Every line below that holds "diag" must be copied.

***** Raw data *****

(* Suppose the index set $\{1,\dots,q\}$ is partitioned into disjoint nonempty cliques $V_1,\dots,V_J$ with $v_g=|V_g|$, and let $\tilde\beta$ be a minimizer over $b\in\mathbb R^q$ of $$G(b;\lambda_2)=\frac1{2n}\|y-Xb\|^2+\frac12\lambda_2\sum_{g=1}^J b_g'(I_{v_g}-v_g^{-1}\mathbf 1_g\mathbf 1_g')b_g,$$ where $\lambda_2\ge0$, $b_g=(b_j)_{j\in V_g}$ and $\mathbf 1_g$ is the all-ones vector of length $v_g$. Let $\bar\beta_g=v_g^{-1}\sum_{j\in V_g}\tilde\beta_j$. Then (i) for any $1\le g\le J$ and $j,k\in V_g$: $\lambda_2|\tilde\beta_j-\tilde\beta_k|\le\frac1n\|x_j-x_k\|\,\|y\|$; (ii) for any $g\neq h$, $j\in V_g$, $k\in V_h$: $\lambda_2|\tilde\beta_j-\bar\beta_g-(\tilde\beta_k-\bar\beta_h)|\le\frac1n\|x_j-x_k\|\,\|y\|$.
   Context: $y\in\mathbb R^n$, $X=(x_1,\dots,x_q)\in\mathbb R^{n\times q}$ a real design matrix. The penalty is the quadratic form of the normalized Laplacian $L=I_q-A$ with block-diagonal $A=\operatorname{diag}(A_1,\dots,A_J)$, $A_g=v_g^{-1}\mathbf 1_g\mathbf 1_g'$ (after ordering indices by cliques). *)

theory Defs
  imports "HOL-Analysis.Analysis" "HOL-Library.Disjoint_Sets"
begin

text \<open>Clique-wise penalty: sum over cliques g of the quadratic form
  b_g' (I - v_g^{-1} 1 1') b_g, written out entrywise.\<close>
definition clique_penalty :: "'q::finite set set \<Rightarrow> real^'q \<Rightarrow> real" where
  "clique_penalty P b =
     (\<Sum>g\<in>P. \<Sum>j\<in>g. \<Sum>k\<in>g.
        b$j * ((if j = k then 1 else 0) - 1 / real (card g)) * b$k)"

definition objG :: "real^'n \<Rightarrow> real^'q^'n \<Rightarrow> 'q::finite set set \<Rightarrow> real \<Rightarrow> real^'q \<Rightarrow> real" where
  "objG y X P lam b =
     1 / (2 * real CARD('n)) * (norm (y - X *v b))\<^sup>2 + 1/2 * lam * clique_penalty P b"

definition clique_mean :: "real^'q \<Rightarrow> 'q set \<Rightarrow> real" where
  "clique_mean b g = (\<Sum>j\<in>g. b$j) / real (card g)"

end

theory Submission
  imports Defs
begin

text \<open>
  The penalty is the quadratic form of the block matrix
  \<open>I - A\<close>, \<open>A = diag(v\<^sub>g\<^sup>-\<^sup>1 1 1')\<close>; its bilinear form \<open>clique_form P a b\<close> equals
  \<open>\<Sum>\<^sub>g \<Sum>\<^sub>j\<^sub>\<in>\<^sub>g a\<^sub>j (b\<^sub>j - mean\<^sub>g b)\<close>.  Hence the penalty is a sum of squared
  deviations from the clique means (so it is nonnegative), and on the
  direction \<open>e\<^sub>j - e\<^sub>k\<close> the form evaluated at \<open>\<beta>\<close> is exactly the centred difference
  \<open>(\<beta>\<^sub>j - mean\<^sub>g \<beta>) - (\<beta>\<^sub>k - mean\<^sub>h \<beta>)\<close>.
  Along any line \<open>\<beta> + t d\<close> the objective is a quadratic polynomial in \<open>t\<close>;
  minimality at \<open>t = 0\<close> forces its linear coefficient to vanish, which gives the
  stationarity equation \<open>\<lambda>\<^sub>2 clique_form P d \<beta> = (1/n) \<langle>y - X\<beta>, X d\<rangle>\<close>.
  Comparing with \<open>b = 0\<close> shows \<open>\<parallel>y - X\<beta>\<parallel> \<le> \<parallel>y\<parallel>\<close>.  Taking \<open>d = e\<^sub>j - e\<^sub>k\<close>
  (so \<open>X d = x\<^sub>j - x\<^sub>k\<close>) and Cauchy-Schwarz gives (ii) for arbitrary cliques;
  when \<open>g = h\<close> the two means cancel, which is (i).
\<close>

lemma quadratic_nonneg_linear_coeff_zero:
  fixes A B :: real
  assumes nonneg: "\<And>t. 0 \<le> t * A + t\<^sup>2 * B"
  shows "A = 0"
proof -
  define s where "s = 1 / (\<bar>B\<bar> + 1)"
  have s_pos: "s > 0" by (simp add: s_def add_pos_nonneg)
  have sB_lt: "s * B < 1"
    by (simp add: s_def divide_less_eq add_pos_nonneg) (use abs_ge_self[of B] in linarith)
  have "0 \<le> (- s * A) * A + (- s * A)\<^sup>2 * B" by (rule nonneg)
  also have "\<dots> = s * (A\<^sup>2 * (s * B - 1))" by (simp add: power2_eq_square algebra_simps)
  finally have "0 \<le> A\<^sup>2 * (s * B - 1)" using s_pos by (simp add: zero_le_mult_iff)
  with sB_lt have "A\<^sup>2 \<le> 0" by (simp add: zero_le_mult_iff)
  thus "A = 0" by simp
qed

definition clique_form :: "'q::finite set set \<Rightarrow> real^'q \<Rightarrow> real^'q \<Rightarrow> real" where
  "clique_form P a b = (\<Sum>g\<in>P. \<Sum>j\<in>g. \<Sum>k\<in>g.
        a$j * ((if j = k then 1 else 0) - 1 / real (card g)) * b$k)"

lemma clique_penalty_eq_form: "clique_penalty P b = clique_form P b b"
  by (simp add: clique_penalty_def clique_form_def)

lemma clique_form_sym: "clique_form P a b = clique_form P b a"
  unfolding clique_form_def
  by (rule sum.cong[OF refl], subst sum.swap) (auto intro!: sum.cong simp: algebra_simps)

lemma clique_row_centres:
  assumes "j \<in> g"
  shows "(\<Sum>k\<in>g. ((if j = k then 1 else 0) - 1 / real (card g)) * b$k) = b$j - clique_mean b g"
proof -
  have "(\<Sum>k\<in>g. ((if j = k then 1 else 0) - 1 / real (card g)) * b$k)
      = (\<Sum>k\<in>g. (if j = k then b$k else 0)) - (\<Sum>k\<in>g. b$k / real (card g))"
    by (subst sum_subtractf[symmetric]) (intro sum.cong refl, simp add: algebra_simps)
  thus ?thesis
    using assms by (simp add: clique_mean_def sum_divide_distrib[symmetric])
qed

lemma clique_form_centred:
  "clique_form P a b = (\<Sum>g\<in>P. \<Sum>j\<in>g. a$j * (b$j - clique_mean b g))"
  unfolding clique_form_def
  by (intro sum.cong refl)
     (simp add: clique_row_centres[symmetric] sum_distrib_left mult.assoc)

text \<open>The penalty is the sum of squared deviations from the clique means.\<close>
lemma clique_penalty_nonneg: "clique_penalty P b \<ge> 0"
proof -
  have "(\<Sum>j\<in>g. b$j * (b$j - clique_mean b g)) = (\<Sum>j\<in>g. (b$j - clique_mean b g)\<^sup>2)" for g
  proof -
    have deviations_sum_zero: "(\<Sum>j\<in>g. b$j - clique_mean b g) = 0"
      by (cases "g = {}") (simp_all add: sum_subtractf clique_mean_def)
    have "(\<Sum>j\<in>g. (b$j - clique_mean b g)\<^sup>2)
        = (\<Sum>j\<in>g. b$j * (b$j - clique_mean b g)) - clique_mean b g * (\<Sum>j\<in>g. b$j - clique_mean b g)"
      by (simp add: sum_subtractf[symmetric] sum_distrib_left power2_eq_square algebra_simps)
    with deviations_sum_zero show ?thesis by simp
  qed
  hence "clique_penalty P b = (\<Sum>g\<in>P. \<Sum>j\<in>g. (b$j - clique_mean b g)\<^sup>2)"
    by (simp add: clique_penalty_eq_form clique_form_centred)
  also have "\<dots> \<ge> 0" by (intro sum_nonneg) simp
  finally show ?thesis .
qed

lemma clique_penalty_along_line:
  "clique_penalty P (b + t *\<^sub>R d)
     = clique_penalty P b + t * (2 * clique_form P d b) + t\<^sup>2 * clique_penalty P d"
proof -
  let ?M = "\<lambda>g j k. ((if j = k then 1 else 0) - 1 / real (card g))"
  have "clique_penalty P (b + t *\<^sub>R d) = (\<Sum>g\<in>P. \<Sum>j\<in>g. \<Sum>k\<in>g.
      b$j * ?M g j k * b$k + (t * (d$j * ?M g j k * b$k)
        + (t * (b$j * ?M g j k * d$k) + t\<^sup>2 * (d$j * ?M g j k * d$k))))"
    unfolding clique_penalty_def
    by (intro sum.cong refl)
       (simp add: algebra_simps power2_eq_square add_divide_distrib diff_divide_distrib)
  also have "\<dots> = clique_form P b b + (t * clique_form P d b
                    + (t * clique_form P b d + t\<^sup>2 * clique_form P d d))"
    unfolding clique_form_def by (simp only: sum.distrib sum_distrib_left)
  finally show ?thesis
    using clique_form_sym[of P b d] by (simp add: clique_penalty_eq_form)
qed

lemma objG_along_line:
  fixes y :: "real^'n" and X :: "real^'q::finite^'n" and b d :: "real^'q"
  defines "r \<equiv> y - X *v b" and "w \<equiv> X *v d" and "n \<equiv> real CARD('n)"
  shows "objG y X P lam (b + t *\<^sub>R d) = objG y X P lam b
           + t * (lam * clique_form P d b - (1/n) * (r \<bullet> w))
           + t\<^sup>2 * ((1 / (2*n)) * (norm w)\<^sup>2 + 1/2 * lam * clique_penalty P d)"
proof -
  have residual: "y - X *v (b + t *\<^sub>R d) = r - t *\<^sub>R w"
    by (simp add: r_def w_def matrix_vector_right_distrib matrix_vector_mult_scaleR)
  have expand: "(norm (r - t *\<^sub>R w))\<^sup>2 = (norm r)\<^sup>2 - 2 * t * (r \<bullet> w) + t\<^sup>2 * (norm w)\<^sup>2"
    unfolding power2_norm_eq_inner
    by (simp add: inner_diff_left inner_diff_right inner_commute[of w r] power2_eq_square algebra_simps)
  have "n > 0" by (simp add: n_def)
  then show ?thesis
    unfolding objG_def residual expand clique_penalty_along_line r_def[symmetric] n_def[symmetric]
    by (simp add: field_simps power2_eq_square)
qed

lemma minimiser_stationary:
  fixes y :: "real^'n" and X :: "real^'q::finite^'n"
  assumes min: "\<forall>b. objG y X P lam \<beta> \<le> objG y X P lam b"
  shows "lam * clique_form P d \<beta> = (1 / real CARD('n)) * ((y - X *v \<beta>) \<bullet> (X *v d))"
proof -
  let ?A = "lam * clique_form P d \<beta> - (1 / real CARD('n)) * ((y - X *v \<beta>) \<bullet> (X *v d))"
  let ?B = "(1 / (2 * real CARD('n))) * (norm (X *v d))\<^sup>2 + 1/2 * lam * clique_penalty P d"
  have "0 \<le> t * ?A + t\<^sup>2 * ?B" for t
    using min[rule_format, of "\<beta> + t *\<^sub>R d"]
    unfolding objG_along_line[where b = \<beta> and t = t and d = d] by linarith
  hence "?A = 0" by (rule quadratic_nonneg_linear_coeff_zero)
  thus ?thesis by simp
qed

text \<open>The residual of a minimiser is no longer than \<open>y\<close> (compare with \<open>b = 0\<close>).\<close>
lemma minimiser_residual_le:
  fixes y :: "real^'n" and X :: "real^'q::finite^'n"
  assumes lam: "lam \<ge> 0" and min: "\<forall>b. objG y X P lam \<beta> \<le> objG y X P lam b"
  shows "norm (y - X *v \<beta>) \<le> norm y"
proof -
  have "objG y X P lam \<beta> \<le> objG y X P lam 0" using min by blast
  moreover have "clique_penalty P (0::real^'q) = 0" by (simp add: clique_penalty_def)
  moreover have "lam * clique_penalty P \<beta> \<ge> 0" using lam clique_penalty_nonneg[of P \<beta>] by simp
  ultimately have "(norm (y - X *v \<beta>))\<^sup>2 / (2 * real CARD('n)) \<le> (norm y)\<^sup>2 / (2 * real CARD('n))"
    unfolding objG_def by simp
  hence "(norm (y - X *v \<beta>))\<^sup>2 \<le> (norm y)\<^sup>2" by (simp add: divide_le_cancel)
  thus ?thesis using power2_le_imp_le norm_ge_zero by blast
qed

text \<open>On the direction \<open>e\<^sub>j - e\<^sub>k\<close> with \<open>j \<in> g\<close>, \<open>k \<in> h\<close>, the form picks out the centred
  difference; this uses that every index lies in exactly one clique.\<close>
lemma clique_form_axis_diff:
  fixes \<beta> :: "real^'q::finite"
  assumes part: "partition_on UNIV P" and g: "g \<in> P" "j \<in> g" and h: "h \<in> P" "k \<in> h"
  shows "clique_form P (axis j 1 - axis k 1) \<beta>
           = (\<beta>$j - clique_mean \<beta> g) - (\<beta>$k - clique_mean \<beta> h)"
proof -
  let ?F = "\<lambda>g x. \<beta>$x - clique_mean \<beta> g"
  have "clique_form P (axis j 1 - axis k 1) \<beta>
      = (\<Sum>g'\<in>P. (if j \<in> g' then ?F g' j else 0) - (if k \<in> g' then ?F g' k else 0))"
    unfolding clique_form_centred
    by (intro sum.cong refl)
       (simp add: axis_def left_diff_distrib sum_subtractf if_distrib[of "\<lambda>z. z * _"] sum.delta'
             cong: if_cong)
  also have "\<dots> = (\<Sum>g'\<in>P. (if g' = g then ?F g j else 0)) - (\<Sum>g'\<in>P. (if g' = h then ?F h k else 0))"
    unfolding sum_subtractf[symmetric]
    using partition_onD2[OF part] g h
    by (intro sum.cong refl) (auto dest: disjointD)
  also have "\<dots> = ?F g j - ?F h k" using g h by simp
  finally show ?thesis .
qed

lemma minimiser_centred_difference_bound:
  fixes y :: "real^'n" and X :: "real^'q::finite^'n"
  assumes part: "partition_on UNIV P" and lam: "lam \<ge> 0"
    and min: "\<forall>b. objG y X P lam \<beta> \<le> objG y X P lam b"
    and g: "g \<in> P" "j \<in> g" and h: "h \<in> P" "k \<in> h"
  shows "lam * \<bar>\<beta>$j - clique_mean \<beta> g - (\<beta>$k - clique_mean \<beta> h)\<bar>
           \<le> 1 / real CARD('n) * norm (column j X - column k X) * norm y"
proof -
  define n where "n = real CARD('n)"
  define w where "w = column j X - column k X"
  have n_pos: "n > 0" by (simp add: n_def)
  have Xd: "X *v (axis j 1 - axis k 1) = w"
    by (simp add: w_def matrix_vector_mult_diff_distrib matrix_vector_mult_basis)
  have "lam * (\<beta>$j - clique_mean \<beta> g - (\<beta>$k - clique_mean \<beta> h)) = (1/n) * ((y - X *v \<beta>) \<bullet> w)"
    using minimiser_stationary[OF min, of "axis j 1 - axis k 1"]
    by (simp add: clique_form_axis_diff[OF part g h] Xd n_def)
  hence "lam * \<bar>\<beta>$j - clique_mean \<beta> g - (\<beta>$k - clique_mean \<beta> h)\<bar> = (1/n) * \<bar>(y - X *v \<beta>) \<bullet> w\<bar>"
    using lam n_pos by (metis abs_mult abs_of_nonneg abs_of_pos zero_less_divide_1_iff)
  also have "\<dots> \<le> (1/n) * (norm (y - X *v \<beta>) * norm w)"
    using n_pos Cauchy_Schwarz_ineq2[of "y - X *v \<beta>" w] by (simp add: divide_right_mono)
  also have "\<dots> \<le> (1/n) * (norm y * norm w)"
    using n_pos minimiser_residual_le[OF lam min] by (simp add: mult_right_mono divide_right_mono)
  finally show ?thesis by (simp add: n_def w_def algebra_simps)
qed

theorem proposition2:
  fixes y :: "real^'n" and X :: "real^'q::finite^'n"
    and P :: "'q set set" and lam :: real and \<beta> :: "real^'q"
  assumes part: "partition_on UNIV P"
    and lam: "lam \<ge> 0"
    and min: "\<forall>b. objG y X P lam \<beta> \<le> objG y X P lam b"
  shows "(\<forall>g\<in>P. \<forall>j\<in>g. \<forall>k\<in>g.
            lam * \<bar>\<beta>$j - \<beta>$k\<bar> \<le> 1 / real CARD('n) * norm (column j X - column k X) * norm y)
       \<and> (\<forall>g\<in>P. \<forall>h\<in>P. g \<noteq> h \<longrightarrow> (\<forall>j\<in>g. \<forall>k\<in>h.
            lam * \<bar>\<beta>$j - clique_mean \<beta> g - (\<beta>$k - clique_mean \<beta> h)\<bar>
              \<le> 1 / real CARD('n) * norm (column j X - column k X) * norm y))"
proof (intro conjI ballI impI)
  fix g j k assume "g \<in> P" "j \<in> g" "k \<in> g"
  text \<open>Within one clique the two means coincide and cancel.\<close>
  from minimiser_centred_difference_bound[OF part lam min this(1,2) this(1,3)]
  show "lam * \<bar>\<beta>$j - \<beta>$k\<bar> \<le> 1 / real CARD('n) * norm (column j X - column k X) * norm y"
    by simp
next
  fix g h j k assume "g \<in> P" "h \<in> P" "g \<noteq> h" "j \<in> g" "k \<in> h"
  from minimiser_centred_difference_bound[OF part lam min this(1,4) this(2,5)]
  show "lam * \<bar>\<beta>$j - clique_mean \<beta> g - (\<beta>$k - clique_mean \<beta> h)\<bar>
          \<le> 1 / real CARD('n) * norm (column j X - column k X) * norm y" .
qed

end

*****

| Your response |
   Context: $y\in\mathbb R^n$, $X=(x_1,\dots,x_q)\in\mathbb R^{n\times q}$ a real design matrix. The penalty is the quadratic form of the normalized Laplacian $L=I_q-A$ with block-diagonal $A=\operatorname{diag}(A_1,\dots,A_J)$, $A_g=v_g^{-1}\mathbf 1_g\mathbf 1_g'$ (after ordering indices by cliques). *)
  \<open>I - A\<close>, \<open>A = diag(v\<^sub>g\<^sup>-\<^sup>1 1 1')\<close>; its bilinear form \<open>clique_form P a b\<close> equals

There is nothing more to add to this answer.